**This Notebook will be used for the purpose of step by step drafting and implementing a SSM in python.**

Resources: https://arxiv.org/abs/2111.00396

It can be seen that an **SSM** is based on three variables that depend on time $t$:

- $x(t) \in \mathbb{C}^n$ represents the $n$ state variables,  
- $u(t) \in \mathbb{C}^m$ represents the $m$ state inputs,  
- $y(t) \in \mathbb{C}^p$ represents the $p$ outputs.

We can also see that it's made up of four learnable matrices: **A**, **B**, **C**, and **D**.

- $\mathbf{A} \in \mathbb{C}^{n \times n}$ is the state matrix (controlling the latent state $\mathbf{x}$),  
- $\mathbf{B} \in \mathbb{C}^{n \times m}$ is the control matrix,  
- $\mathbf{C} \in \mathbb{C}^{p \times n}$ is the output matrix,  
- $\mathbf{D} \in \mathbb{C}^{p \times m}$ is the command matrix.  

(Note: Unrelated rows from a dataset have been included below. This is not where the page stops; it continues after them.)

lemma hook2_dim_content_rec:
  assumes "1 \<le> a" and "1 \<le> b \<or> j = 0"
  shows "hook2_dim (a - 1) b j * (real a - 1) + (if 1 \<le> b then hook2_dim a (b - 1) j * (real b - 2) else 0)
    - (if 1 \<le> j then hook2_dim a b (j - 1) * (real j + 1) else 0)
    = twice_contents a b j * hook2_dim a b j / real (a + b + j)"
proof -
  consider "b = 0" "j = 0" | "b = 1" "j = 0" | "1 \<le> b" "2 \<le> b + j" using assms by linarith
  then show ?thesis
  proof cases
    case 1
    then show ?thesis using assms by (simp add: hook2_dim_one_row twice_contents_def field_simps)
  next
    case 2
    have "hook2_dim (a - 1) 1 0 = real a - 1"
      using hook2_dim_two_rows_1[of "a - 1"] assms by (simp add: of_nat_diff)
    moreover have "(real a - 1) * (real a - 1) - 1 = (real a * (real a - 1) - 2) * real a / (real a + 1)"
      by (simp add: field_simps add_pos_nonneg)
    ultimately show ?thesis using 2 hook2_dim_two_rows_1[of a] by (simp add: hook2_dim_one_row twice_contents_def)
  next
    case 3
    obtain c where D: "hook2_dim a b j = c * ((real a - real b + 1) / (real a + real j + 1))"
      "hook2_dim (a - 1) b j = c * (real a / (real a + real b + real j) * (real a - real b) / (real a + real j))"
      "hook2_dim a (b - 1) j = c * ((real b + real j) / (real a + real b + real j) * (real b - 1)
         / (real b + real j - 1) * (real a - real b + 2) / (real a + real j + 1))"
      "(if 1 \<le> j then hook2_dim a b (j - 1) else 0) = c * ((real b + real j) / (real a + real b + real j)
         * real j / (real b + real j - 1) * (real a - real b + 1) / (real a + real j))"
      using hook2_dim_neighbours[OF \<open>1 \<le> a\<close> 3] .
    have "real a + real j \<noteq> 0" "real a + real j + 1 \<noteq> 0" "real a + real b + real j \<noteq> 0"
      "real b + real j - 1 \<noteq> 0"
      using assms 3 by linarith+
    note identity = hook2_ratio_identities(2)[OF this]
    have if_j: "(if 1 \<le> j then hook2_dim a b (j - 1) * (real j + 1) else 0)
        = (if 1 \<le> j then hook2_dim a b (j - 1) else 0) * (real j + 1)"
      by simp
    show ?thesis unfolding if_P[OF \<open>1 \<le> b\<close>] if_j D twice_contents_def of_nat_add by (rule identity)
  qed
qed

text \<open>The value at a transposition predicted by Frobenius' formula
  \<open>\<chi>(\<tau>) / d = 2 \<Sum> contents / (n (n - 1))\<close>.\<close>
definition hook2_transp :: "nat \<Rightarrow> nat \<Rightarrow> nat \<Rightarrow> real" where
  "hook2_transp a b j = hook2_dim a b j * twice_contents a b j / (real (a + b + j) * (real (a + b + j) - 1))"

lemma hook2_transp_eq_0_rows: "1 \<le> b \<Longrightarrow> hook2_transp (b - 1) b j = 0"
  unfolding hook2_transp_def by (subst hook2_dim_eq_0_rows) simp_all

lemma hook2_transp_eq_0_column: "1 \<le> j \<Longrightarrow> hook2_transp a 0 j = 0"
  unfolding hook2_transp_def by (subst hook2_dim_eq_0_column) simp_all

text \<open>Removing a box of content \<open>x\<close> lowers \<open>C\<close>, twice the content sum, by \<open>2 x\<close>.\<close>
lemma normalized_content_branching:
  fixes D D\<^sub>0 D\<^sub>1 D\<^sub>2 C N x\<^sub>0 x\<^sub>1 x\<^sub>2 :: real
  assumes "D = D\<^sub>0 + D\<^sub>1 + D\<^sub>2" and "D\<^sub>0 * x\<^sub>0 + D\<^sub>1 * x\<^sub>1 + D\<^sub>2 * x\<^sub>2 = C * D / N"
    and "N \<noteq> 0" and "N - 2 \<noteq> 0"
  shows "D * C / (N * (N - 1))
    = (D\<^sub>0 * (C - 2 * x\<^sub>0) + D\<^sub>1 * (C - 2 * x\<^sub>1) + D\<^sub>2 * (C - 2 * x\<^sub>2)) / ((N - 1) * (N - 2))"
proof -
  have "D\<^sub>0 * (C - 2 * x\<^sub>0) + D\<^sub>1 * (C - 2 * x\<^sub>1) + D\<^sub>2 * (C - 2 * x\<^sub>2)
      = C * (D\<^sub>0 + D\<^sub>1 + D\<^sub>2) - 2 * (D\<^sub>0 * x\<^sub>0 + D\<^sub>1 * x\<^sub>1 + D\<^sub>2 * x\<^sub>2)"
    by (simp add: algebra_simps)
  also have "\<dots> = C * D * (N - 2) / N" using assms by (simp add: field_simps)
  also have "\<dots> / ((N - 1) * (N - 2)) = D * C / (N * (N - 1))"
    by (simp only: divide_divide_eq_left mult.assoc[symmetric] mult.commute[of D C]
        nonzero_mult_divide_mult_cancel_right[OF assms(4)])
  finally show ?thesis by simp
qed

lemma hook2_transp_rec:
  assumes "2 < a + b + j" and "1 \<le> a" and "1 \<le> b \<or> j = 0"
  shows "hook2_transp a b j = hook2_transp (a - 1) b j + (if 1 \<le> b then hook2_transp a (b - 1) j else 0)
    + (if 1 \<le> j then hook2_transp a b (j - 1) else 0)"
proof -
  define N C where "N = real (a + b + j)" and "C = twice_contents a b j"
  define D D\<^sub>0 D\<^sub>1 D\<^sub>2 where "D = hook2_dim a b j" and "D\<^sub>0 = hook2_dim (a - 1) b j"
    and "D\<^sub>1 = (if 1 \<le> b then hook2_dim a (b - 1) j else 0)" and "D\<^sub>2 = (if 1 \<le> j then hook2_dim a b (j - 1) else 0)"
  have N: "N \<noteq> 0" "N - 2 \<noteq> 0" using assms(1) unfolding N_def by linarith+
  have sum: "D = D\<^sub>0 + D\<^sub>1 + D\<^sub>2"
    unfolding D_def D\<^sub>0_def D\<^sub>1_def D\<^sub>2_def by (rule hook2_dim_rec[OF assms(2,3)])
  have weighted: "D\<^sub>0 * (real a - 1) + D\<^sub>1 * (real b - 2) + D\<^sub>2 * - (real j + 1) = C * D / N"
    using hook2_dim_content_rec[OF assms(2,3)] unfolding D_def D\<^sub>0_def D\<^sub>1_def D\<^sub>2_def C_def N_def
    by (cases "1 \<le> b"; cases "1 \<le> j") (simp_all add: algebra_simps)
  have "hook2_transp a b j = (D\<^sub>0 * (C - 2 * (real a - 1)) + D\<^sub>1 * (C - 2 * (real b - 2))
      + D\<^sub>2 * (C - 2 * - (real j + 1))) / ((N - 1) * (N - 2))"
    unfolding hook2_transp_def D_def[symmetric] C_def[symmetric] N_def[symmetric]
    by (rule normalized_content_branching[OF sum weighted N])
  moreover have "hook2_transp (a - 1) b j = D\<^sub>0 * (C - 2 * (real a - 1)) / ((N - 1) * (N - 2))"
    using assms(2) unfolding hook2_transp_def D\<^sub>0_def C_def N_def twice_contents_def
    by (simp add: of_nat_diff algebra_simps)
  moreover have "(if 1 \<le> b then hook2_transp a (b - 1) j else 0) = D\<^sub>1 * (C - 2 * (real b - 2)) / ((N - 1) * (N - 2))"
    unfolding hook2_transp_def D\<^sub>1_def C_def N_def twice_contents_def by (simp add: of_nat_diff algebra_simps)
  moreover have "(if 1 \<le> j then hook2_transp a b (j - 1) else 0) = D\<^sub>2 * (C - 2 * - (real j + 1)) / ((N - 1) * (N - 2))"
    unfolding hook2_transp_def D\<^sub>2_def C_def N_def twice_contents_def by (simp add: of_nat_diff algebra_simps)
  ultimately show ?thesis by (simp only: add_divide_distrib)
qed

lemma hook2_dim_eq_binomials:
  assumes "k < i" and "i \<le> n"
  shows "hook2_dim (n - i) (i - k) k = real (n choose i) * real ((i - 1) choose k)
    * (real n - 2 * real i + real k + 1) / (real n - real i + real k + 1)"
  using assms by (simp add: hook2_dim_def of_nat_diff algebra_simps)

lemma normalized_twice_contents_hook2:
  assumes "k < i" and "i \<le> n" and "2 \<le> n"
  shows "twice_contents (n - i) (i - k) k / (real n * (real n - 1))
    = 1 - real i * (real n - real i + real k + 1) / real (n choose 2)"
proof -
  have "real (2 * (n choose 2)) = real (n * (n - 1))"
    using times_binomial_minus1_eq[of 2 n] by simp
  then have choose_2: "real (n choose 2) = real n * (real n - 1) / 2"
    using assms(3) by (simp add: of_nat_diff)
  have "real n * (real n - 1) > 0" using assms(3) by simp
  then show ?thesis using assms unfolding twice_contents_def choose_2 by (simp add: of_nat_diff field_simps)
qed

section \<open>Dimension and value at a transposition\<close>

lemma gen_char_hook2_vec_Cons_1:
  assumes "1 \<le> k" and "j \<le> k" and "1 \<le> a" and "1 \<le> b \<or> j = 0"
  shows "gen_char (k + 2) (hook2_vec (int a) b j) (1 # \<rho>) = gen_char (k + 2) (hook2_vec (int (a - 1)) b j) \<rho>
    + (if 1 \<le> b then gen_char (k + 2) (hook2_vec (int a) (b - 1) j) \<rho> else 0)
    + (if 1 \<le> j then gen_char (k + 2) (hook2_vec (int a) b (j - 1)) \<rho> else 0)"
proof -
  define \<nu> where "\<nu> = hook2_vec (int a) b j"
  define g where "g w = gen_char (k + 2) (\<nu>(w := \<nu> w - 1)) \<rho>" for w
  have clash: "g w = 0" if "w + 1 < k + 2" and "\<nu> (w + 1) = \<nu> w" for w
    unfolding g_def using that by (intro gen_char_eq_0_if_rows_clash[of w]) auto
  have "gen_char (k + 2) \<nu> (1 # \<rho>) = g 0 + g 1 + (\<Sum>w<k. g (w + 2))"
    unfolding gen_char_Cons g_def sum_lessThan_add_2 by simp
  also have "g 0 = gen_char (k + 2) (hook2_vec (int (a - 1)) b j) \<rho>"
    unfolding g_def \<nu>_def using assms by (intro gen_char_cong) (auto simp: hook2_vec_def)
  also have "g 1 = (if 1 \<le> b then gen_char (k + 2) (hook2_vec (int a) (b - 1) j) \<rho> else 0)"
    using assms clash[of 1] unfolding g_def \<nu>_def by (auto intro!: gen_char_cong simp: hook2_vec_def)
  also have "g (w + 2) = (if w = j - 1 \<and> 1 \<le> j then gen_char (k + 2) (hook2_vec (int a) b (j - 1)) \<rho> else 0)"
    if "w < k" for w
  proof (cases "w + 1 = j")
    case True
    then show ?thesis unfolding g_def \<nu>_def by (auto intro!: gen_char_cong simp: hook2_vec_def)
  next
    case False
    have "g (w + 2) = 0"
    proof (cases "w + 1 = k")
      case True
      then show ?thesis unfolding g_def \<nu>_def using False \<open>j \<le> k\<close>
        by (intro gen_char_eq_0_if_row_neg[of "w + 2"]) (auto simp: hook2_vec_def)
    qed (use that False in \<open>intro clash, auto simp: \<nu>_def hook2_vec_def\<close>)
    then show ?thesis using False by auto
  qed
  then have "(\<Sum>w<k. g (w + 2)) = (if 1 \<le> j then gen_char (k + 2) (hook2_vec (int a) b (j - 1)) \<rho> else 0)"
    using \<open>j \<le> k\<close> by (auto simp: sum.delta)
  finally show ?thesis unfolding \<nu>_def .
qed

lemma gen_char_hook2_vec_eq_0_rows: "1 \<le> b \<Longrightarrow> gen_char (k + 2) (hook2_vec (int (b - 1)) b j) \<rho> = 0"
  by (simp add: gen_char_eq_0_if_rows_clash[of 0] hook2_vec_def of_nat_diff)

lemma gen_char_hook2_vec_eq_0_column: "1 \<le> k \<Longrightarrow> 1 \<le> j \<Longrightarrow> gen_char (k + 2) (hook2_vec (int a) 0 j) \<rho> = 0"
  by (simp add: gen_char_eq_0_if_rows_clash[of 1] hook2_vec_def)
lemma unit_ball_vol_ge: "pi ^ (n div 2) / fact (n div 2 + 1) \<le> unit_ball_vol (real n)"
proof -
  define m where "m = n div 2"
  have "n = 2 * m \<or> n = 2 * m + 1"
    unfolding m_def by presburger
  then show ?thesis
  proof
    assume "n = 2 * m"
    have "pi ^ m / fact (m + 1) \<le> pi ^ m / (fact m :: real)"
      by (intro divide_left_mono fact_mono) auto
    also have "\<dots> = unit_ball_vol (real n)"
      using \<open>n = 2 * m\<close> unit_ball_vol_even[of m] by simp
    finally show ?thesis by (simp add: m_def)
  next
    assume "n = 2 * m + 1"
    have "pochhammer (1/2 :: real) (Suc m) > 0"
      by (rule pochhammer_pos) simp
    then have "pi ^ m / fact (m + 1) \<le> pi ^ m / pochhammer (1/2 :: real) (Suc m)"
      using pochhammer_half_le_fact[of "Suc m"] by (intro divide_left_mono) auto
    also have "\<dots> = unit_ball_vol (real n)"
      using \<open>n = 2 * m + 1\<close> unit_ball_vol_odd'(1)[of m] by simp
    finally show ?thesis by (simp add: m_def)
  qed
qed

lemma ln_unit_ball_vol_ge:
  assumes x: "x = real n / 2"
  shows "(x - 1/2) * ln pi + x + 1/2 - (x + 2) * ln (x + 2) \<le> ln (unit_ball_vol (real n))"
proof -
  define m where "m = n div 2"
  have mx: "x - 1/2 \<le> real m" "real m \<le> x"
    unfolding x m_def by linarith+
  have "(real m + 2) * ln (real m + 2) \<le> (x + 2) * ln (x + 2)"
    using mx by (intro mult_mono) auto
  moreover have "(x - 1/2) * ln pi \<le> real m * ln pi"
    using mx pi_gt3 by (intro mult_right_mono) auto
  ultimately have "(x - 1/2) * ln pi + x + 1/2 - (x + 2) * ln (x + 2)
      \<le> real m * ln pi + real m + 1 - (real m + 2) * ln (real m + 2)"
    using mx by linarith
  also have "\<dots> \<le> real m * ln pi - ln (fact (m + 1))"
    using ln_fact_le[of "m + 1"] by (simp add: algebra_simps)
  also have "\<dots> = ln (pi ^ m / fact (m + 1))"
    by (simp add: ln_div ln_realpow)
  also have "\<dots> \<le> ln (unit_ball_vol (real n))"
    using unit_ball_vol_ge[of n] by (simp add: m_def)
  finally show ?thesis .
qed
lemma antimono_INF_atMost:
  fixes g :: "'p::order \<Rightarrow> real"
  assumes "range g \<subseteq> {0..1}"
  shows "antimono (\<lambda>q. INF r\<in>{..q}. g r)"
  by (rule antimonoI, rule cINF_superset_mono) (auto intro: bdd_below_image_unit[OF assms])

lemma range_weak:
  fixes g :: "'p::order \<Rightarrow> real"
  shows "range g \<subseteq> {0..1} \<Longrightarrow> range (weak g) \<subseteq> {0..1}"
  unfolding weak_def using range_INF_atMost[of g] by (auto intro!: SUP_in_unit)

lemma INF_atMost_le_weak:
  fixes g :: "'p::order \<Rightarrow> real"
  assumes "range g \<subseteq> {0..1}"
  shows "(INF r\<in>{..q}. g r) \<le> weak g q"
  unfolding weak_def
  by (rule cSUP_upper) (auto intro: bdd_above_image_unit[OF range_INF_atMost[OF assms]])

lemma mono_weak:
  fixes g :: "'p::order \<Rightarrow> real"
  assumes "range g \<subseteq> {0..1}"
  shows "mono (weak g)"
  unfolding weak_def
  by (rule monoI, rule cSUP_subset_mono) (auto intro: bdd_above_image_unit[OF range_INF_atMost[OF assms]])

lemma weak_le:
  fixes g :: "'p::order \<Rightarrow> real"
  assumes "range g \<subseteq> {0..1}" "mono g"
  shows "weak g q \<le> g q"
  unfolding weak_def
proof (rule cSUP_least)
  fix r assume "r \<in> {..q}"
  then show "(INF s\<in>{..r}. g s) \<le> g q"
    using INF_atMost_le[OF assms(1), of r r] monoD[OF assms(2), of r q] by auto
qed auto

lemma weak_le_weak:
  fixes g h :: "'p::order \<Rightarrow> real"
  assumes g: "range g \<subseteq> {0..1}" and h: "range h \<subseteq> {0..1}"
    and gh: "\<And>q. (INF r\<in>{..q}. g r) \<le> h q"
  shows "weak g p \<le> weak h p"
  unfolding weak_def
proof (rule cSUP_subset_mono)
  fix q
  show "(INF r\<in>{..q}. g r) \<le> (INF r\<in>{..q}. h r)"
  proof (rule cINF_greatest)
    fix r assume "r \<in> {..q}"
    then have "(INF s\<in>{..q}. g s) \<le> (INF s\<in>{..r}. g s)"
      using antimono_INF_atMost[OF g] by (auto dest: antimonoD)
    then show "(INF s\<in>{..q}. g s) \<le> h r" using gh[of r] by linarith
  qed auto
qed (auto intro: bdd_above_image_unit[OF range_INF_atMost[OF h]])
lemma two_pow_card_free_edges_le_card_G2n_beta:
  assumes "0 < k" "k \<le> n" "n + 1 \<le> 8 * k"
  shows "2 ^ card (free_edges n k) \<le> card (G2n_beta n (8 * real n))"
proof -
  let ?graph = "\<lambda>F. Mmatch n \<union> (fixed_edges n k \<union> F)"
  have free_sub: "free_edges n k \<subseteq> Rset n \<times> Lset n"
    by (auto simp: free_edges_def Rset_def Lset_def)
  have fixed_sub: "fixed_edges n k \<subseteq> Rset n \<times> Lset n"
    by (auto simp: fixed_edges_def)
  have "?graph ` Pow (free_edges n k) \<subseteq> G2n_beta n (8 * real n)"
  proof
    fix E assume "E \<in> ?graph ` Pow (free_edges n k)"
    then obtain F where F: "F \<subseteq> free_edges n k" "E = ?graph F"
      by auto
    with free_sub fixed_sub have sub: "fixed_edges n k \<union> F \<subseteq> Rset n \<times> Lset n"
      by blast
    then have "E \<in> G2n n"
      using F(2) by (auto simp: G2n_def)
    moreover have "balanced (Vset n) E (8 * real n)"
      using balanced_Mmatch_Un[OF assms Un_upper1 sub] F(2) by simp
    ultimately show "E \<in> G2n_beta n (8 * real n)"
      by (simp add: G2n_beta_def)
  qed
  moreover have "inj_on ?graph (Pow (free_edges n k))"
  proof (rule inj_onI)
    have disjoint: "(Mmatch n \<union> fixed_edges n k) \<inter> free_edges n k = {}"
      by (auto simp: Mmatch_def fixed_edges_def free_edges_def)
    fix F F' assume "F \<in> Pow (free_edges n k)" "F' \<in> Pow (free_edges n k)" "?graph F = ?graph F'"
    then have "?graph F \<inter> free_edges n k = F" "?graph F \<inter> free_edges n k = F'"
      using disjoint by blast+
    then show "F = F'"
      by simp
  qed
  ultimately have "card (Pow (free_edges n k)) \<le> card (G2n_beta n (8 * real n))"
    using finite_G2n by (intro card_inj_on_le) (auto simp: G2n_beta_def)
  then show ?thesis
    by (simp add: card_Pow free_edges_def)
qed
definition corr_term :: "complex \<Rightarrow> complex \<Rightarrow> complex \<Rightarrow> nat \<Rightarrow> bfps" where
  "corr_term a b d k = (\<lambda>p q. \<Sum>l\<in>{1..k}.
      ((-1) ^ (k - l) * fact (k - 1) / (fact (l - 1) * fact l * fact (k - l))
       * pochhammer b l / (pochhammer (1 - a) k * pochhammer (1 - a) (k - l) * pochhammer d l))
      * bshift l k (H3_neg (a - of_nat k + of_nat l) (b + of_nat l) (d + of_nat l)) p q)"

end

theory Submission
  imports Defs "HOL-Analysis.Gamma_Function" "HOL-Computational_Algebra.Formal_Power_Series"
begin

text \<open>Since \<open>a \<notin> \<int>\<close>, every Pochhammer symbol built on \<open>a\<close> or \<open>1 - a\<close> is a ratio of values
  \<open>G n = \<Gamma>(a + n)\<close>, \<open>n \<in> \<int>\<close>, all nonzero. After pulling out a common factor, the coefficient of
  \<open>x^p y^q\<close> on the left is \<open>G p G(-q) / q!\<close>, that of \<open>H\<^sub>3\<close> is \<open>G(p-q) G 0 / q!\<close>, and the \<open>k\<close>-th
  correction term contributes \<open>G(p-q) G(-k) (p)\<^sub>k / (k! (q-k)!)\<close>, the inner sum over \<open>l\<close> collapsing
  by Vandermonde's identity. Only the terms \<open>k \<le> q\<close> are nonzero, so the outer series converges
  formally, and the coefficient identity is the Chu--Vandermonde identity
  \<open>(p + a - q)\<^sub>q / q! = \<Sum>\<^sub>k (p)\<^sub>k (a - q)\<^sub>q\<^sub>-\<^sub>k / (k! (q-k)!)\<close>.\<close>

lemma plus_of_int_notin_nonpos_Ints:
  assumes "a \<notin> \<int>"
  shows "a + of_int n \<notin> \<int>\<^sub>\<le>\<^sub>0"
proof
  assume "a + of_int n \<in> \<int>\<^sub>\<le>\<^sub>0"
  then have "a + of_int n - of_int n \<in> \<int>"
    using nonpos_Ints_subset_Ints by (intro Ints_diff) auto
  with assms show False by simp
qed

definition Gamma_shift :: "complex \<Rightarrow> int \<Rightarrow> complex" where
  "Gamma_shift a n = Gamma (a + of_int n)"

lemma Gamma_shift_nonzero: "a \<notin> \<int> \<Longrightarrow> Gamma_shift a n \<noteq> 0"
  unfolding Gamma_shift_def using plus_of_int_notin_nonpos_Ints Gamma_eq_zero_iff by blast

lemma pochhammer_eq_Gamma_shift_ratio:
  assumes "a \<notin> \<int>"
  shows "pochhammer (a + of_int j) n = Gamma_shift a (j + int n) / Gamma_shift a j"
  using pochhammer_Gamma[OF plus_of_int_notin_nonpos_Ints[OF assms, of j], of n]
  unfolding Gamma_shift_def by (simp add: add.assoc)

lemma poch_int_eq_Gamma_shift_ratio:
  assumes "a \<notin> \<int>"
  shows "poch_int (a + of_int j) n = Gamma_shift a (j + n) / Gamma_shift a j"
proof (cases "n \<ge> 0")
  case True
  then show ?thesis
    unfolding poch_int_def using pochhammer_eq_Gamma_shift_ratio[OF assms, of j "nat n"] by simp
next
  case False
  have "poch_int (a + of_int j) n = 1 / pochhammer (a + of_int (j + n)) (nat (- n))"
    unfolding poch_int_def using False by (simp add: add.assoc)
  also have "\<dots> = 1 / (Gamma_shift a (j + n + int (nat (- n))) / Gamma_shift a (j + n))"
    by (subst pochhammer_eq_Gamma_shift_ratio[OF assms]) (rule refl)
  also have "\<dots> = Gamma_shift a (j + n) / Gamma_shift a j"
    using False by simp
  finally show ?thesis .
qed

lemma pochhammer_one_minus_eq_Gamma_shift_ratio:
  assumes "a \<notin> \<int>"
  shows "pochhammer (1 - a) k = (-1) ^ k * Gamma_shift a 0 / Gamma_shift a (- int k)"
proof -
  have "pochhammer (1 - a) k = (-1) ^ k * pochhammer (a + of_int (- int k)) k"
    using pochhammer_minus[of "a - 1" k] by (simp add: algebra_simps)
  then show ?thesis
    using pochhammer_eq_Gamma_shift_ratio[OF assms, of "- int k" k] by simp
qed

lemma pochhammer_add_Vandermonde:
  fixes x y :: "'a :: field_char_0"
  shows "(\<Sum>k=0..n. pochhammer x k / fact k * (pochhammer y (n - k) / fact (n - k)))
           = pochhammer (x + y) n / fact n"
proof -
  have "(\<Sum>k=0..n. pochhammer x k / fact k * (pochhammer y (n - k) / fact (n - k)))
      = (\<Sum>k=0..n. (-1) ^ n * (((- x) gchoose k) * ((- y) gchoose (n - k))))"
  proof (rule sum.cong)
    fix k assume "k \<in> {0..n}"
    then have "(-1::'a) ^ k * (-1) ^ (n - k) = (-1) ^ n"
      by (simp flip: power_add)
    then show "pochhammer x k / fact k * (pochhammer y (n - k) / fact (n - k))
             = (-1) ^ n * (((- x) gchoose k) * ((- y) gchoose (n - k)))"
      by (simp add: gbinomial_pochhammer)
  qed simp
  also have "\<dots> = (-1) ^ n * ((- (x + y)) gchoose n)"
    by (simp add: sum_distrib_left[symmetric] gbinomial_Vandermonde)
  also have "\<dots> = pochhammer (x + y) n / fact n"
    by (simp add: gbinomial_pochhammer add.commute)
  finally show ?thesis .
qed

lemma Gamma_shift_Vandermonde:
  assumes "a \<notin> \<int>"
  shows "Gamma_shift a (int p) * Gamma_shift a (- int q) / fact q
    = Gamma_shift a (int p - int q)
      * (\<Sum>k=0..q. Gamma_shift a (- int k) * pochhammer (of_nat p) k / (fact k * fact (q - k)))"
proof -
  let ?G = "Gamma_shift a"
  have nz: "?G n \<noteq> 0" for n
    using Gamma_shift_nonzero[OF assms] .
  have "(\<Sum>k=0..q. ?G (- int k) * pochhammer (of_nat p) k / (fact k * fact (q - k)))
      = ?G (- int q) * (\<Sum>k=0..q. pochhammer (of_nat p) k / fact k
                          * (pochhammer (a + of_int (- int q)) (q - k) / fact (q - k)))"
    unfolding sum_distrib_left
  proof (rule sum.cong[OF refl])
    fix k assume "k \<in> {0..q}"
    then have "pochhammer (a + of_int (- int q)) (q - k) = ?G (- int k) / ?G (- int q)"
      using pochhammer_eq_Gamma_shift_ratio[OF assms, of "- int q" "q - k"] by simp
    then show "?G (- int k) * pochhammer (of_nat p) k / (fact k * fact (q - k))
       = ?G (- int q) * (pochhammer (of_nat p) k / fact k
           * (pochhammer (a + of_int (- int q)) (q - k) / fact (q - k)))"
      using nz by (simp add: field_simps)
  qed
  also have "\<dots> = ?G (- int q) * (pochhammer (a + of_int (int p - int q)) q / fact q)"
  proof -
    have "of_nat p + (a + of_int (- int q)) = a + of_int (int p - int q)"
      by simp
    then show ?thesis
      by (simp only: pochhammer_add_Vandermonde)
  qed
  also have "\<dots> = ?G (- int q) * (?G (int p) / ?G (int p - int q) / fact q)"
    using pochhammer_eq_Gamma_shift_ratio[OF assms, of "int p - int q" q] by simp
  finally show ?thesis
    using nz by (simp add: field_simps)
qed
definition cohen_macaulay_local :: "'a::comm_ring_1 set \<Rightarrow> 'a set \<Rightarrow> bool" where
  "cohen_macaulay_local R m \<longleftrightarrow> noetherian R \<and> local_ring R m \<and>
     (\<forall>n. depth_ge R m n \<longleftrightarrow> dim_ge R n)"

definition krull_dim_one :: "'a::comm_ring_1 set \<Rightarrow> bool" where
  "krull_dim_one R \<longleftrightarrow> dim_ge R 1 \<and> \<not> dim_ge R 2"

definition integral_over :: "'a::comm_ring_1 set \<Rightarrow> 'a \<Rightarrow> bool" where
  "integral_over R x \<longleftrightarrow> (\<exists>p. set p \<subseteq> R \<and>
     x ^ length p + (\<Sum>i<length p. p ! i * x ^ i) = 0)"

definition int_closure :: "'a::comm_ring_1 set \<Rightarrow> 'a set" where
  "int_closure R = {x. integral_over R x}"

text \<open>fractional ideal: finitely generated R-submodule I of Q(R) with Q(R) I = Q(R)\<close>
definition frac_ideal :: "'a::comm_ring_1 set \<Rightarrow> 'a set \<Rightarrow> bool" where
  "frac_ideal R I \<longleftrightarrow> submod R I \<and> (\<exists>F. finite F \<and> gen R F = I) \<and>
     (\<exists>u\<in>I. \<exists>v. u * v = 1)"

text \<open>canonical (fractional) ideal, via the duality K:(K:I) = I (Herzog-Kunz)\<close>
definition canonical_ideal :: "'a::comm_ring_1 set \<Rightarrow> 'a set \<Rightarrow> bool" where
  "canonical_ideal R K \<longleftrightarrow> frac_ideal R K \<and>
     (\<forall>I. frac_ideal R I \<longrightarrow> colon K (colon K I) = I)"

definition min_gens :: "'a::comm_ring_1 set \<Rightarrow> 'a set \<Rightarrow> 'a list \<Rightarrow> bool" where
  "min_gens R m xs \<longleftrightarrow> set xs \<subseteq> m \<and> gen R (set xs) = m \<and>
     (\<forall>ys. set ys \<subseteq> m \<and> gen R (set ys) = m \<longrightarrow> length xs \<le> length ys)"

end

theory Submission
  imports Defs
begin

The above picture can be reduced to the following system of equations:

$$
\begin{aligned}
x'(t) &= \mathbf{A}x(t) + \mathbf{B}u(t) \\
y(t) &= \mathbf{C}x(t) + \mathbf{D}u(t)
\end{aligned}
$$



D is an instantaneous connection between input $u(t)$ and output $y(t)$, which when we want to discretize the SSM this is unrealistic so D is usually ommitted or $D = 0$.

$$
\begin{aligned}
x'(t) &= \mathbf{A}x(t) + \mathbf{B}u(t) \\
y(t) &= \mathbf{C}x(t) 
\end{aligned}
$$

The main challenge with implementing this model is discretization.

Also, from Albert GU paper, A must be replaced with HiPPO matrix for necessary improved accuracy.

https://arxiv.org/abs/2008.07669